第八話 朝曇 身を焦がし 下心を知る 陽射しかな 其の十壱
「鞘夏さん、ここの夏祭りは初めて?」
「いえ、前にも来たことがあります」
忠陽には鞘夏が子供時代に賀茂の本邸に居た記憶がなかった。
花火の音が聞こえ始めた。その音で二人は足を止めて、花びらが開くのを見届けた。
「花火、上がっちゃったね」
「はい、綺麗です」
「うん、綺麗だ」
忠陽はその花火を見て、家の近くにある小高い丘を思い出した。そこは賀茂の私有地で、父と母、そして鏡華と一緒に一度だけ夏祭の花火をみた記憶があった。
「ねえ、鞘夏さん。別のところで花火を見ようよ」
鞘夏は首を傾げるも、忠陽が鞘夏の手を掴み、走り出した。鞘夏は引っ張られながらも、何とか歩幅を合わせて走り出す。呼吸を重ねて、二人は夜道を走り、丘へと目指した。
鞘夏は忠陽の手の温もりを感じ、強く握りしめた。忠陽は無意識にその手を握り返していた。それえが鞘夏にとって何よりも嬉しかった。
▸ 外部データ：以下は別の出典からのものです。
(* Let $ABC$ be a triangle with circumcircle $\Omega$, let $P$ be a point with isogonal conjugate $P'$ with respect to $ABC$, and let $D$ be the intersection of $\Omega$ with the conic $(ABCPP')$ other than $A,B,C$. Let $X$ be the second intersection of line $DP$ with $\Omega$ and $Y$ the second intersection of line $DP'$ with $\Omega$. Let the circle $(PXY)$ meet line $PP'$ again at $Z$, and let $\mathcal C_1$ denote the conic $(ABCPX)$. Let $X_1, X_2$ vary on $\mathcal C_1$ such that $P, X, X_1, X_2$ are concyclic. (a) $X_1X_2 \parallel PZ$. (b) If lines $XX_1, XX_2$ meet $\Omega$ again at $X_1', X_2'$ respectively, then $P', X_1', X_2'$ are collinear.
   Context: For points $X,Y,Z$, $(XYZ)$ denotes the circle through them; for five points $V,W,X,Y,Z$, $(VWXYZ)$ denotes the conic through them. *)

theory Defs
  imports "HOL-Analysis.Analysis"
begin

definition line :: "complex \<Rightarrow> complex \<Rightarrow> complex set" where
  "line U V = {U + of_real t * (V - U) | t. True}"

definition is_circle :: "complex set \<Rightarrow> bool" where
  "is_circle S \<longleftrightarrow> (\<exists>c r. r > 0 \<and> S = {z. cmod (z - c) = r})"

definition concyclic :: "complex set \<Rightarrow> bool" where
  "concyclic S \<longleftrightarrow> (\<exists>\<Gamma>. is_circle \<Gamma> \<and> S \<subseteq> \<Gamma>)"

definition is_conic :: "complex set \<Rightarrow> bool" where
  "is_conic S \<longleftrightarrow> (\<exists>a b c d e f :: real. (a, b, c) \<noteq> (0, 0, 0) \<and>
     S = {z. a * Re z ^ 2 + b * Re z * Im z + c * Im z ^ 2 + d * Re z + e * Im z + f = 0})"

definition parallel_lines :: "complex set \<Rightarrow> complex set \<Rightarrow> bool" where
  "parallel_lines L M \<longleftrightarrow> L = M \<or> L \<inter> M = {}"

text \<open>Reflection of the point z in the line through A with direction u (u nonzero).\<close>
definition reflect :: "complex \<Rightarrow> complex \<Rightarrow> complex \<Rightarrow> complex" where
  "reflect A u z = A + (u / cnj u) * cnj (z - A)"

definition bisector_dir :: "complex \<Rightarrow> complex \<Rightarrow> complex \<Rightarrow> complex" where
  "bisector_dir A B C = (B - A) / of_real (cmod (B - A)) + (C - A) / of_real (cmod (C - A))"

definition isogonal_line :: "complex \<Rightarrow> complex \<Rightarrow> complex \<Rightarrow> complex \<Rightarrow> complex set" where
  "isogonal_line A B C P = line A (reflect A (bisector_dir A B C) P)"

definition isogonal_conjugate :: "complex \<Rightarrow> complex \<Rightarrow> complex \<Rightarrow> complex \<Rightarrow> complex \<Rightarrow> bool" where
  "isogonal_conjugate A B C P P' \<longleftrightarrow>
     P' \<in> isogonal_line A B C P \<and> P' \<in> isogonal_line B C A P \<and> P' \<in> isogonal_line C A B P"

end

theory Submission
  imports Defs
begin

text \<open>
  Normalise the circumcircle to the unit circle and let s, e, \<sigma> be the elementary symmetric
  functions of the vertices a, b, c. The isogonal conjugate of p is the point p' with
  p + p' + \<sigma> cnj p cnj p' = s, and the circumconic through p and p' is the isogonal image of
  the line pp'.

  If a conic whose equation has leading coefficient \<alpha> (the coefficient of z^2) passes through
  four points Z1, ..., Z4 of a circle, then \<alpha> (Z1 - Z2) (Z3 - Z4) is real, by Vieta's formulas for
  the quartic that the conic equation becomes on the circle. Applied to (ABCPP') and the
  circumcircle this shows that PP' has the direction \<kappa> = - \<sigma> / d, i.e. z = \<kappa> cnj z along it.
  Applied to C1 together with the circumcircle and with the circle (PXX1X2), using that the chord
  XP passes through D, it gives the same direction for X1X2, which is (a).

  For (b), the second intersection of C1 with the line from X to a point u of the circumcircle is
  an explicit rational function of w = - x u. The parallelism of X1X2 and PP' becomes a symmetric
  bilinear relation between the parameters w1, w2 of X1' and X2', and the relations of the
  configuration show that it is a nonzero multiple of p' + u1 u2 cnj p' = u1 + u2, which says that
  P' lies on the chord X1'X2'.
\<close>

section \<open>Real conics in complex notation\<close>

definition conic_poly :: "complex \<Rightarrow> real \<Rightarrow> complex \<Rightarrow> real \<Rightarrow> complex \<Rightarrow> real" where
  "conic_poly \<alpha> \<beta> \<gamma> \<delta> z = Re (\<alpha> * z\<^sup>2) + \<beta> * (cmod z)\<^sup>2 + Re (\<gamma> * z) + \<delta>"

lemma complex_of_real_Re: "complex_of_real (Re w) = (w + cnj w) / 2"
  by (simp add: complex_add_cnj)

lemma of_real_conic_poly:
  "complex_of_real (conic_poly \<alpha> \<beta> \<gamma> \<delta> z) =
     (\<alpha> * z\<^sup>2 + cnj \<alpha> * (cnj z)\<^sup>2 + 2 * \<beta> * z * cnj z + \<gamma> * z + cnj \<gamma> * cnj z + 2 * \<delta>) / 2"
  unfolding conic_poly_def of_real_add of_real_mult complex_of_real_Re complex_norm_square
  by (simp add: field_simps)

lemma is_conic_iff_conic_poly:
  "is_conic S \<longleftrightarrow> (\<exists>\<alpha> \<beta> \<gamma> \<delta>. (\<alpha> \<noteq> 0 \<or> \<beta> \<noteq> 0) \<and> S = {z. conic_poly \<alpha> \<beta> \<gamma> \<delta> z = 0})"
proof
  assume "is_conic S"
  then obtain a b c d e f :: real where abc: "(a, b, c) \<noteq> (0, 0, 0)" and
    S: "S = {z. a * Re z ^ 2 + b * Re z * Im z + c * Im z ^ 2 + d * Re z + e * Im z + f = 0}"
    unfolding is_conic_def by blast
  define \<alpha> where "\<alpha> = Complex ((a - c) / 2) (- b / 2)"
  have eq: "conic_poly \<alpha> ((a + c) / 2) (Complex d (- e)) f z =
      a * Re z ^ 2 + b * Re z * Im z + c * Im z ^ 2 + d * Re z + e * Im z + f" for z
    unfolding conic_poly_def \<alpha>_def cmod_power2 by (simp add: power2_eq_square field_simps)
  have "\<alpha> \<noteq> 0 \<or> (a + c) / 2 \<noteq> 0"
    using abc unfolding \<alpha>_def complex_eq_iff by auto
  then show "\<exists>\<alpha> \<beta> \<gamma> \<delta>. (\<alpha> \<noteq> 0 \<or> \<beta> \<noteq> 0) \<and> S = {z. conic_poly \<alpha> \<beta> \<gamma> \<delta> z = 0}"
    using eq S by (intro exI[of _ \<alpha>] exI[of _ "(a + c) / 2"] exI[of _ "Complex d (- e)"] exI[of _ f]) auto
next
  assume "\<exists>\<alpha> \<beta> \<gamma> \<delta>. (\<alpha> \<noteq> 0 \<or> \<beta> \<noteq> 0) \<and> S = {z. conic_poly \<alpha> \<beta> \<gamma> \<delta> z = 0}"
  then obtain \<alpha> \<beta> \<gamma> \<delta> where ab: "\<alpha> \<noteq> 0 \<or> \<beta> \<noteq> 0" and S: "S = {z. conic_poly \<alpha> \<beta> \<gamma> \<delta> z = 0}"
    by blast
  have eq: "conic_poly \<alpha> \<beta> \<gamma> \<delta> z = (Re \<alpha> + \<beta>) * Re z ^ 2 + (- 2 * Im \<alpha>) * Re z * Im z
      + (\<beta> - Re \<alpha>) * Im z ^ 2 + Re \<gamma> * Re z + (- Im \<gamma>) * Im z + \<delta>" for z
    unfolding conic_poly_def cmod_power2 by (simp add: power2_eq_square algebra_simps)
  have "(Re \<alpha> + \<beta>, - 2 * Im \<alpha>, \<beta> - Re \<alpha>) \<noteq> (0, 0, 0)"
    using ab by (auto simp: complex_eq_iff)
  then show "is_conic S"
    unfolding is_conic_def S eq by blast
qed

lemma conic_poly_affine:
  "conic_poly \<alpha> \<beta> \<gamma> \<delta> (w + m * t) =
     conic_poly (\<alpha> * m\<^sup>2) (\<beta> * (cmod m)\<^sup>2) (2 * \<alpha> * w * m + 2 * complex_of_real \<beta> * cnj w * m + \<gamma> * m)
       (conic_poly \<alpha> \<beta> \<gamma> \<delta> w) t"
proof -
  have "complex_of_real (conic_poly \<alpha> \<beta> \<gamma> \<delta> (w + m * t)) =
      complex_of_real (conic_poly (\<alpha> * m\<^sup>2) (\<beta> * (cmod m)\<^sup>2)
        (2 * \<alpha> * w * m + 2 * complex_of_real \<beta> * cnj w * m + \<gamma> * m) (conic_poly \<alpha> \<beta> \<gamma> \<delta> w) t)"
    unfolding of_real_conic_poly of_real_mult complex_norm_square complex_cnj_add complex_cnj_mult
      complex_cnj_power complex_cnj_cnj complex_cnj_complex_of_real complex_cnj_numeral
    apply (rule sym)
    apply (simp add: field_simps)
    apply (simp only: power2_eq_square)
    apply (simp add: algebra_simps del: complex_cnj_mult)
    done
  then show ?thesis
    by (simp only: of_real_eq_iff)
qed

lemma conic_poly_on_line:
  "conic_poly \<alpha> \<beta> \<gamma> \<delta> (w + e * of_real s) = conic_poly \<alpha> \<beta> \<gamma> \<delta> w
     + s * Re ((2 * \<alpha> * w + 2 * complex_of_real \<beta> * cnj w + \<gamma>) * e)
     + s\<^sup>2 * (Re (\<alpha> * e\<^sup>2) + \<beta> * (cmod e)\<^sup>2)"
proof -
  have "conic_poly \<alpha> \<beta> \<gamma> \<delta> (w + e * of_real s) = conic_poly (\<alpha> * e\<^sup>2) (\<beta> * (cmod e)\<^sup>2)
     (2 * \<alpha> * w * e + 2 * complex_of_real \<beta> * cnj w * e + \<gamma> * e) (conic_poly \<alpha> \<beta> \<gamma> \<delta> w) (of_real s)"
    by (rule conic_poly_affine)
  also have "\<dots> = conic_poly \<alpha> \<beta> \<gamma> \<delta> w
     + s * Re ((2 * \<alpha> * w + 2 * complex_of_real \<beta> * cnj w + \<gamma>) * e)
     + s\<^sup>2 * (Re (\<alpha> * e\<^sup>2) + \<beta> * (cmod e)\<^sup>2)"
    unfolding conic_poly_def by (simp add: algebra_simps power2_eq_square)
  finally show ?thesis .
qed

lemma conic_poly_contains_line:
  assumes "conic_poly \<alpha> \<beta> \<gamma> \<delta> w = 0" "conic_poly \<alpha> \<beta> \<gamma> \<delta> (w + e) = 0"
    and "Re (\<alpha> * e\<^sup>2) + \<beta> * (cmod e)\<^sup>2 = 0"
  shows "conic_poly \<alpha> \<beta> \<gamma> \<delta> (w + e * of_real s) = 0"
  using conic_poly_on_line[of \<alpha> \<beta> \<gamma> \<delta> w e 1] conic_poly_on_line[of \<alpha> \<beta> \<gamma> \<delta> w e s] assms
  by simp

section \<open>Lines and collinearity\<close>

lemma mem_line_iff: "z \<in> line U V \<longleftrightarrow> (\<exists>t::real. z = U + t * (V - U))"
  unfolding line_def by auto

lemma start_mem_line: "U \<in> line U V"
  unfolding mem_line_iff by (rule exI[of _ 0]) simp

lemma end_mem_line: "V \<in> line U V"
  unfolding mem_line_iff by (rule exI[of _ 1]) simp

lemma mem_line_iff_Im:
  assumes "U \<noteq> V"
  shows "z \<in> line U V \<longleftrightarrow> Im ((z - U) * cnj (V - U)) = 0"
proof
  assume "z \<in> line U V"
  then obtain t :: real where "z = U + t * (V - U)"
    by (auto simp: mem_line_iff)
  then have "(z - U) * cnj (V - U) = complex_of_real t * ((V - U) * cnj (V - U))"
    by simp
  also have "\<dots> = complex_of_real (t * (cmod (V - U))\<^sup>2)"
    unfolding of_real_mult complex_norm_square ..
  finally show "Im ((z - U) * cnj (V - U)) = 0"
    by (metis Im_complex_of_real)
next
  assume "Im ((z - U) * cnj (V - U)) = 0"
  then have r: "(z - U) * cnj (V - U) = complex_of_real (Re ((z - U) * cnj (V - U)))"
    by (simp add: complex_eq_iff)
  have n: "(V - U) * cnj (V - U) \<noteq> 0"
    using assms by simp
  have solve: "w = r / (e * ce) * e" if "w * ce = r" "e * ce \<noteq> 0" for w e ce r :: complex
    using that by (auto simp: field_simps)
  have "z - U = complex_of_real (Re ((z - U) * cnj (V - U)) / (cmod (V - U))\<^sup>2) * (V - U)"
    using solve[OF r n] unfolding of_real_divide complex_norm_square .
  then show "z \<in> line U V"
    unfolding mem_line_iff by (metis add_diff_cancel_left' diff_add_cancel)
qed

lemma collinear_iff_Im: "collinear {U, V, W} \<longleftrightarrow> Im ((V - U) * cnj (W - U)) = 0"
proof -
  have "collinear {U, V, W} = collinear {V, U, W}"
    by (simp add: insert_commute)
  also have "\<dots> = collinear {0, V - U, W - U}"
    by (subst collinear_3) auto
  also have "\<dots> = ((W - U) / (V - U) \<in> \<real>)"
    by (rule collinear_iff_Reals)
  also have "\<dots> = (Im ((V - U) * cnj (W - U)) = 0)"
  proof (cases "V = U")
    case False
    have "(W - U) / (V - U) = ((W - U) * cnj (V - U)) / ((V - U) * cnj (V - U))"
      using False by simp
    also have "\<dots> = cnj ((V - U) * cnj (W - U)) / complex_of_real ((cmod (V - U))\<^sup>2)"
      unfolding complex_norm_square by simp
    finally have "Im ((W - U) / (V - U)) = - Im ((V - U) * cnj (W - U)) / (cmod (V - U))\<^sup>2"
      by (simp add: Im_divide_of_real algebra_simps)
    then show ?thesis
      using False by (simp add: complex_is_Real_iff) argo
  qed simp
  finally show ?thesis .
qed

lemma collinear_on_line:
  fixes w e :: complex
  assumes "z1 = w + e * of_real s1" "z2 = w + e * of_real s2" "z3 = w + e * of_real s3"
  shows "collinear {z1, z2, z3}"
proof -
  have "(z2 - z1) * cnj (z3 - z1) = complex_of_real ((s2 - s1) * (s3 - s1) * (cmod e)\<^sup>2)"
    unfolding assms of_real_mult complex_norm_square by (simp add: algebra_simps)
  then show ?thesis
    unfolding collinear_iff_Im by (metis Im_complex_of_real)
qed

lemma not_collinear_if_not_mem_line:
  assumes "U \<noteq> V" "Q \<notin> line U V"
  shows "\<not> collinear {U, V, Q}"
proof
  assume "collinear {U, V, Q}"
  moreover have "(Q - U) * cnj (V - U) = cnj ((V - U) * cnj (Q - U))"
    by simp
  ultimately have "Im ((Q - U) * cnj (V - U)) = 0"
    unfolding collinear_iff_Im by (metis cnj.sel(2) neg_equal_0_iff_equal)
  then show False
    using assms by (simp add: mem_line_iff_Im)
qed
花火が一つ目の山を通り過ぎた時、その思い出の丘にたどり着く。
丘からは、川岸から打ち上げる花火の閃光がよく見え、そして花びらが満開に咲くのがよく見た。
「綺麗……」
鞘夏はその花が開くが美しく、その瞬間に恋い焦がれるような気分になった。
「そうだね、さっきよりも綺麗だ」
忠陽は握ったままの手を見た。自然と繋いだ手。だけど、今、我に帰ると心臓の音が大きくなるの感じた。ここまで走って来たからもしれないが、それだけじゃないことを悟る。
花火を見る鞘夏の横顔。その顔がなによりも、誰よりも綺麗で儚かった。
忠陽は初めて恋慕を抱いていることに気づく。花火の光に輝いては消えるその顔を、もう一度見たいと思う。そして、なによりも今だけは自分だけのものという独占欲が生まれた。
忠陽のなにかに気づいた鞘夏は、花火ではなく忠陽を見た。
忠陽はこちら向いた鞘夏を見て、抑えきれないものが溢れてきた。心臓の音が花火の音よりも大き
く聞こえ、はち切れないばかりである。その瞬間が長いものに感じ、相手の呼吸、滴る汗までが見えるかのようだ。
忠陽は息を呑む。眼の前にいる儚くも美しい女性が自分と呼吸を重ねている。相手の呼吸が手に取るように分かり、手の握る温度が上がるのが分かる。
忠陽は心の奥にある衝動のまま、顔を近づける。鞘夏は離れようとするが、忠陽が握った手を引き、お互いの口を重ねた。
自らの欲情が花火と同じく花開く。
その口づけは永遠かのようにも思われ、ただ一つ、彼女とこのままずっと一緒に居たいと思った。
お互いが目を見つめ合う。互いに自分が今何をしているのか、何をされているのかが分からず、ただその時間が過ぎていく。
忠陽が鞘夏の口から離れると、鞘夏は呆然と立ったままだった。
「鞘夏……さん?」
鞘夏から返事は帰ってこなかった。ただ、目から涙が流れ始めた。
「あれ?」
鞘夏は自分の涙に気づくと、拭う。
「あれ? どうして?」
鞘夏の戸惑いに、忠陽は胸を締め付けられる。
「どうして、涙が?」
「鞘夏さん?」
「泣かないって……」
「鞘夏さん」
「陽くんの前では、泣かないって……」
「鞘夏さん!?」
「どうして、涙が出るの?」
鞘夏は涙を拭うも、それが絶えず出てくる。そのことに混乱していた。
「私、泣かないよ。陽君の前では、いつもの私で居たいの」
涙を流しながら、笑顔で答える鞘夏を、忠陽はただ見ているしかなかった。
「鞘夏さん……その……」
「ごめんね、陽くん」
鞘夏はそう言うと、その場から恐る恐ると後退り、丘を駆け足で降りていった。
忠陽は呆然とその姿を見るしかなく、花火の音が忠陽の胸の空洞に反響する。
夏祭りというと、出店ですよね。
都内の出店で遊技場は滅多に見ません。今は食べ物だったり、当たらないクジ屋だったり。
田舎では今でも射的場なんてあるんでしょうか?
日本の祭りは意味合いとしては慰霊という意味が強いとグーグル先生を検索すると書いてありますが、それに参加する人間はその風習を忘れて、ただ楽しむ場だという認識があります。
良し悪しは別の誰かに頼むとして、そういう場があるのは私達が生きていく中で必要だとは思います。